After the One Stand match with Jericho I was really serious about my retirement; I had no intentions what so ever in wrestling again. I tried really hard to stick to my guns this time out, turning down several tempting offers. It’s the tempting offers that are the real problem, with wrestling retirements; no matter how much you want to stop there always seems to be that one offer you just can’t refuse.

Once again the wrestling business pulled me back in, although not as most of you probably think. My retirement after the Jericho match at ONS lasted just 10 months when I returned to the ring to challenge Bryan Danielson for the ROH World Title. This is the match that everyone thinks drew me back in, but as much as I wanted to do this match it wasn’t the deciding factor in my return. The offer I couldn’t refuse was actually one made to me by 1PW in England, to wrestle two shot a month after the ROH booking. The reason the 1PW offer was more tempting than the ROH one, was that it included an extra plane ticket for my wife and enabled me to take her on the week long London vacation she always wanted. I reluctantly gave up my perfect retirement match from ONS to treat my wife to a trip she dearly wanted, not to facilitate any want or need I had to wrestle again. I suppose I could have just sucked it up and financed the trip myself, to preserve my dream retirement match, but when you retire at the age of 35 you need to be some what frugal, and the 1PW bookings allowed us a great vacation and the ability to actually come home with more money than we left with. Once I’d accepted the 1PW bookings the ROH match was just icing on the cake.

After the 1PW match with Doug Williams, I wasn’t actively taking bookings anymore but did not consider myself retired again. I was open to the right booking offer, if it came along, but was also keeping my eyes open for an appropriate match to once again attempt retirement.

That appropriate match came along in the summer of 2007. A friend of mine was promoting a BSE (Blood Sweat and Ears) event in North Bay, Ontario. North Bay is my real home town, having spent the majority of my child hood there. The event was going to be at Memorial Gardens in North Bay, which was the building I saw my first live pro-wrestling event in. This seemed like the perfect full circle moments to once again try to end my career. I worked two other BSE events leading up to the North Bay match and then wrapped up my career (or so I thought) in front of my family and friends in the town I grew up in.

Like the Jericho ONS match I was quite serious about this retirement and turned down numerous tempting offers in order to stick to it. As you get older turning down bookings becomes easier so I lasted a lot longer this time out but after 2-years of retirement, I once again made a comeback.

I wrote about this latest comeback 2 months ago so I don’t need to go into it again here but I will say that I do once again intend this to be my last match. There is no significance to making my ROH match, with Chris Hero my last match; it just feels like it’s time.

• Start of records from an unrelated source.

lemma higher_deriv_flat_exp: "(deriv ^^ n) flat_exp = flat_exp_higher_deriv n"
proof (induction n)
  case 0
  then show ?case by (auto simp: flat_exp_def flat_exp_higher_deriv_def)
next
  case (Suc n)
  then show ?case by (auto intro!: ext DERIV_imp_deriv flat_exp_higher_deriv_has_derivative)
qed

lemma smooth_near_flat_exp: "smooth_near flat_exp x"
proof -
  have "\<forall>n s. flat_exp_higher_deriv n differentiable (at s)"
    using flat_exp_higher_deriv_has_derivative real_differentiable_def by blast
  then show ?thesis unfolding smooth_near_def higher_deriv_flat_exp by (intro exI[of _ 1]) simp
qed

lemma flat_exp_nonneg: "flat_exp x \<ge> 0"
  by (simp add: flat_exp_def)

lemma flat_exp_pos: "x > 0 \<Longrightarrow> flat_exp x > 0"
  by (simp add: flat_exp_def)

lemma flat_exp_eq_0: "x \<le> 0 \<Longrightarrow> flat_exp x = 0"
  by (simp add: flat_exp_def)

definition smooth_step :: "real \<Rightarrow> real \<Rightarrow> real" where
  "smooth_step d x = flat_exp x * inverse (flat_exp x + flat_exp (d - x))"

lemma smooth_step_denom_pos: "d > 0 \<Longrightarrow> flat_exp x + flat_exp (d - x) > 0"
  using flat_exp_pos[of x] flat_exp_pos[of "d - x"] flat_exp_nonneg[of x] flat_exp_nonneg[of "d - x"]
  by (cases "x > 0") linarith+

lemma smooth_near_smooth_step: "d > 0 \<Longrightarrow> smooth_near (smooth_step d) x"
  unfolding smooth_step_def
  by (intro smooth_near_mult smooth_near_flat_exp smooth_near_inverse smooth_near_add
      smooth_near_reflect)
    (use smooth_step_denom_pos in \<open>auto simp: less_imp_neq[symmetric]\<close>)

lemma smooth_step_eq_0: "x \<le> 0 \<Longrightarrow> smooth_step d x = 0"
  by (simp add: smooth_step_def flat_exp_eq_0)

lemma smooth_step_eq_1: "d > 0 \<Longrightarrow> x \<ge> d \<Longrightarrow> smooth_step d x = 1"
  using smooth_step_denom_pos[of d x] by (simp add: smooth_step_def flat_exp_eq_0)

lemma smooth_step_nonneg: "d > 0 \<Longrightarrow> smooth_step d x \<ge> 0"
  using smooth_step_denom_pos[of d x] flat_exp_nonneg[of x] by (simp add: smooth_step_def)

lemma smooth_step_le_1: "d > 0 \<Longrightarrow> smooth_step d x \<le> 1"
  using smooth_step_denom_pos[of d x] flat_exp_nonneg[of x] flat_exp_nonneg[of "d - x"]
  by (simp add: smooth_step_def field_simps)

definition plateau :: "real \<Rightarrow> real \<Rightarrow> real \<Rightarrow> real" where
  "plateau d p t = smooth_step d (t - (p - 2 * d)) * smooth_step d ((p + 2 * d) - t)"

lemma smooth_near_plateau: "d > 0 \<Longrightarrow> smooth_near (plateau d p) x"
  unfolding plateau_def
  by (intro smooth_near_mult smooth_near_shift smooth_near_reflect smooth_near_smooth_step)

lemma plateau_eq_1: "d > 0 \<Longrightarrow> \<bar>t - p\<bar> \<le> d \<Longrightarrow> plateau d p t = 1"
  unfolding plateau_def by (subst smooth_step_eq_1, simp, simp)+ simp

lemma plateau_eq_0: "\<bar>t - p\<bar> \<ge> 2 * d \<Longrightarrow> plateau d p t = 0"
  unfolding plateau_def by (cases "t \<le> p") (auto simp: smooth_step_eq_0)

lemma plateau_nonneg: "d > 0 \<Longrightarrow> plateau d p t \<ge> 0"
  unfolding plateau_def by (intro mult_nonneg_nonneg smooth_step_nonneg)

lemma plateau_le_1: "d > 0 \<Longrightarrow> plateau d p t \<le> 1"
  unfolding plateau_def by (intro mult_le_one smooth_step_le_1 smooth_step_nonneg)

lemma smooth_near_plateau_mult:
  assumes "d > 0" "2 * d < R" "\<And>s. \<bar>s - p\<bar> < R \<Longrightarrow> smooth_near G s"
  shows "smooth_near (\<lambda>y. plateau d p y * G y) x"
proof (cases "\<bar>x - p\<bar> < R")
  case True
  then show ?thesis using assms by (intro smooth_near_mult smooth_near_plateau) auto
next
  case False
  have "open {y. 2 * d < \<bar>y - p\<bar>}" by (intro open_Collect_less continuous_intros)
  then show ?thesis
    by (rule smooth_near_cong[OF smooth_near_const])
      (use False assms plateau_eq_0[of d _ p] in auto)
qed

definition bump :: "real \<Rightarrow> real \<Rightarrow> real \<Rightarrow> real" where
  "bump p h t = flat_exp (t - (p - h)) * flat_exp ((p + h) - t)"

lemma smooth_near_bump: "smooth_near (bump p h) x"
  unfolding bump_def by (intro smooth_near_mult smooth_near_shift smooth_near_reflect smooth_near_flat_exp)

lemma bump_nonneg: "bump p h t \<ge> 0"
  unfolding bump_def by (intro mult_nonneg_nonneg flat_exp_nonneg)

lemma bump_eq_0: "\<bar>t - p\<bar> \<ge> h \<Longrightarrow> bump p h t = 0"
  unfolding bump_def by (cases "t \<le> p") (auto simp: flat_exp_eq_0)

lemma bump_pos: "\<bar>t - p\<bar> < h \<Longrightarrow> bump p h t > 0"
  unfolding bump_def by (intro mult_pos_pos flat_exp_pos) auto

lemma integral_pos_if_pos_at:
  fixes f :: "real \<Rightarrow> real"
  assumes "continuous_on {a..b} f" "a < b" "\<And>x. x \<in> {a..b} \<Longrightarrow> f x \<ge> 0" "m \<in> {a..b}" "f m > 0"
  shows "integral {a..b} f > 0"
proof -
  have "integral {a..b} f \<ge> 0"
    using assms by (intro integral_nonneg integrable_continuous_real) auto
  moreover have "integral {a..b} f \<noteq> 0"
    using integral_eq_0_iff[OF assms(1,2,3)] assms(4,5) by auto
  ultimately show ?thesis by linarith
qed

lemma integral_neg_if_neg_at:
  fixes f :: "real \<Rightarrow> real"
  assumes "continuous_on {a..b} f" "a < b" "\<And>x. x \<in> {a..b} \<Longrightarrow> f x \<le> 0" "m \<in> {a..b}" "f m < 0"
  shows "integral {a..b} f < 0"
proof -
  have "integral {a..b} (\<lambda>x. - f x) > 0"
    using assms by (intro integral_pos_if_pos_at[of a b _ m] continuous_intros) auto
  then show ?thesis by (simp add: integral_neg integrable_continuous_real assms(1))
qed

This was the first time that I felt physically taxed preparing for a match, and while I was happy with the match I put out there, I did feel a little less capable than I once was.

I’ve never wanted to over stay my welcome in this business and I often said I didn’t want to be bumping past 40. This last comeback I did at the age of 40, and while I feel I can still go, I’m most definitely past my prime. I think teaching is where I am best suited now, and since it’s something I truly enjoy that is where my focus needs to remain.

They say, “Never say never in this business” and because of that I won’t, but barring one last shot at a Lance Storm – Chris Jericho retirement match, I am once again hanging them up, and perhaps this time it will be for good.